Saved data entries:
---------------

lemma cinner_sum_right: "cinner x (\<Sum>e\<in>E. f e) = (\<Sum>e\<in>E. cinner x (f e))"
  by (simp add: cinner_def sum_component sum_distrib_left sum.swap[of _ E])

lemma cinner_commute: "cinner y x = cnj (cinner x y)"
  by (simp add: cinner_def mult.commute)

lemma Re_cinner: "Re (cinner x y) = inner x y"
  by (simp add: cinner_def inner_vec_def inner_complex_def Re_sum)

lemma cinner_self: "cinner x x = of_real (norm x ^ 2)"
proof -
  have "cinner x x = (\<Sum>i\<in>UNIV. of_real (cmod (x $ i) ^ 2))"
    unfolding cinner_def by (intro sum.cong refl) (metis complex_norm_square of_real_power mult.commute)
  also have "\<dots> = of_real (norm x ^ 2)"
    by (simp add: norm_vec_def L2_set_def sum_nonneg)
  finally show ?thesis .
qed

lemma continuous_on_cinner_right: "continuous_on S (cinner e)"
  unfolding cinner_def by (intro continuous_intros)

lemma hermitian_cinner_adjoint:
  assumes "hermitian A"
  shows "cinner x (A *v y) = cinner (A *v x) y"
proof -
  have conj: "cnj (A$j$i) = A$i$j" for i j
    using assms unfolding hermitian_def by metis
  have "cinner x (A *v y) = (\<Sum>j\<in>UNIV. \<Sum>i\<in>UNIV. cnj (x$i) * A$i$j * y$j)"
    by (subst sum.swap) (simp add: cinner_def matrix_vector_mult_def sum_distrib_left mult.assoc)
  also have "\<dots> = (\<Sum>j\<in>UNIV. \<Sum>i\<in>UNIV. cnj (A$j$i) * cnj (x$i) * y$j)"
    by (simp only: conj mult.commute mult.left_commute)
  also have "\<dots> = cinner (A *v x) y"
    by (simp add: cinner_def matrix_vector_mult_def sum_distrib_right cnj_sum)
  finally show ?thesis .
qed

lemma hermitian_inner_adjoint: "hermitian A \<Longrightarrow> inner x (A *v y) = inner (A *v x) y"
  by (metis Re_cinner hermitian_cinner_adjoint)

lemma psd_iff_inner: "psd M \<longleftrightarrow> hermitian M \<and> (\<forall>x. 0 \<le> inner x (M *v x))"
  by (simp add: psd_def flip: Re_cinner) (simp add: cinner_def)

text \<open>Unlike \<open>hermitian_def\<close>, this form is a terminating simp rule.\<close>
lemma hermitian_iff_cnj: "hermitian X \<longleftrightarrow> (\<forall>i j. cnj (X $ j $ i) = X $ i $ j)"
  unfolding hermitian_def by (metis complex_cnj_cnj)

lemma hermitian_add: "hermitian X \<Longrightarrow> hermitian Y \<Longrightarrow> hermitian (X + Y)"
  by (simp add: hermitian_iff_cnj)

lemma hermitian_uminus: "hermitian X \<Longrightarrow> hermitian (- X)"
  by (simp add: hermitian_iff_cnj)

lemma hermitian_scaleR: "hermitian X \<Longrightarrow> hermitian (c *\<^sub>R X)"
  by (simp add: hermitian_iff_cnj)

---------------

When you output the entries, keep every line exactly as it appears above.

lemma cinner_sum_right: "cinner x (\<Sum>e\<in>E. f e) = (\<Sum>e\<in>E. cinner x (f e))"
  by (simp add: cinner_def sum_component sum_distrib_left sum.swap[of _ E])

lemma cinner_commute: "cinner y x = cnj (cinner x y)"
  by (simp add: cinner_def mult.commute)

lemma Re_cinner: "Re (cinner x y) = inner x y"
  by (simp add: cinner_def inner_vec_def inner_complex_def Re_sum)

lemma cinner_self: "cinner x x = of_real (norm x ^ 2)"
proof -
  have "cinner x x = (\<Sum>i\<in>UNIV. of_real (cmod (x $ i) ^ 2))"
    unfolding cinner_def by (intro sum.cong refl) (metis complex_norm_square of_real_power mult.commute)
  also have "\<dots> = of_real (norm x ^ 2)"
    by (simp add: norm_vec_def L2_set_def sum_nonneg)
  finally show ?thesis .
qed

lemma continuous_on_cinner_right: "continuous_on S (cinner e)"
  unfolding cinner_def by (intro continuous_intros)

lemma hermitian_cinner_adjoint:
  assumes "hermitian A"
  shows "cinner x (A *v y) = cinner (A *v x) y"
proof -
  have conj: "cnj (A$j$i) = A$i$j" for i j
    using assms unfolding hermitian_def by metis
  have "cinner x (A *v y) = (\<Sum>j\<in>UNIV. \<Sum>i\<in>UNIV. cnj (x$i) * A$i$j * y$j)"
    by (subst sum.swap) (simp add: cinner_def matrix_vector_mult_def sum_distrib_left mult.assoc)
  also have "\<dots> = (\<Sum>j\<in>UNIV. \<Sum>i\<in>UNIV. cnj (A$j$i) * cnj (x$i) * y$j)"
    by (simp only: conj mult.commute mult.left_commute)
  also have "\<dots> = cinner (A *v x) y"
    by (simp add: cinner_def matrix_vector_mult_def sum_distrib_right cnj_sum)
  finally show ?thesis .
qed

lemma hermitian_inner_adjoint: "hermitian A \<Longrightarrow> inner x (A *v y) = inner (A *v x) y"
  by (metis Re_cinner hermitian_cinner_adjoint)

lemma psd_iff_inner: "psd M \<longleftrightarrow> hermitian M \<and> (\<forall>x. 0 \<le> inner x (M *v x))"
  by (simp add: psd_def flip: Re_cinner) (simp add: cinner_def)

text \<open>Unlike \<open>hermitian_def\<close>, this form is a terminating simp rule.\<close>
lemma hermitian_iff_cnj: "hermitian X \<longleftrightarrow> (\<forall>i j. cnj (X $ j $ i) = X $ i $ j)"
  unfolding hermitian_def by (metis complex_cnj_cnj)

lemma hermitian_add: "hermitian X \<Longrightarrow> hermitian Y \<Longrightarrow> hermitian (X + Y)"
  by (simp add: hermitian_iff_cnj)

lemma hermitian_uminus: "hermitian X \<Longrightarrow> hermitian (- X)"
  by (simp add: hermitian_iff_cnj)

lemma hermitian_scaleR: "hermitian X \<Longrightarrow> hermitian (c *\<^sub>R X)"
  by (simp add: hermitian_iff_cnj)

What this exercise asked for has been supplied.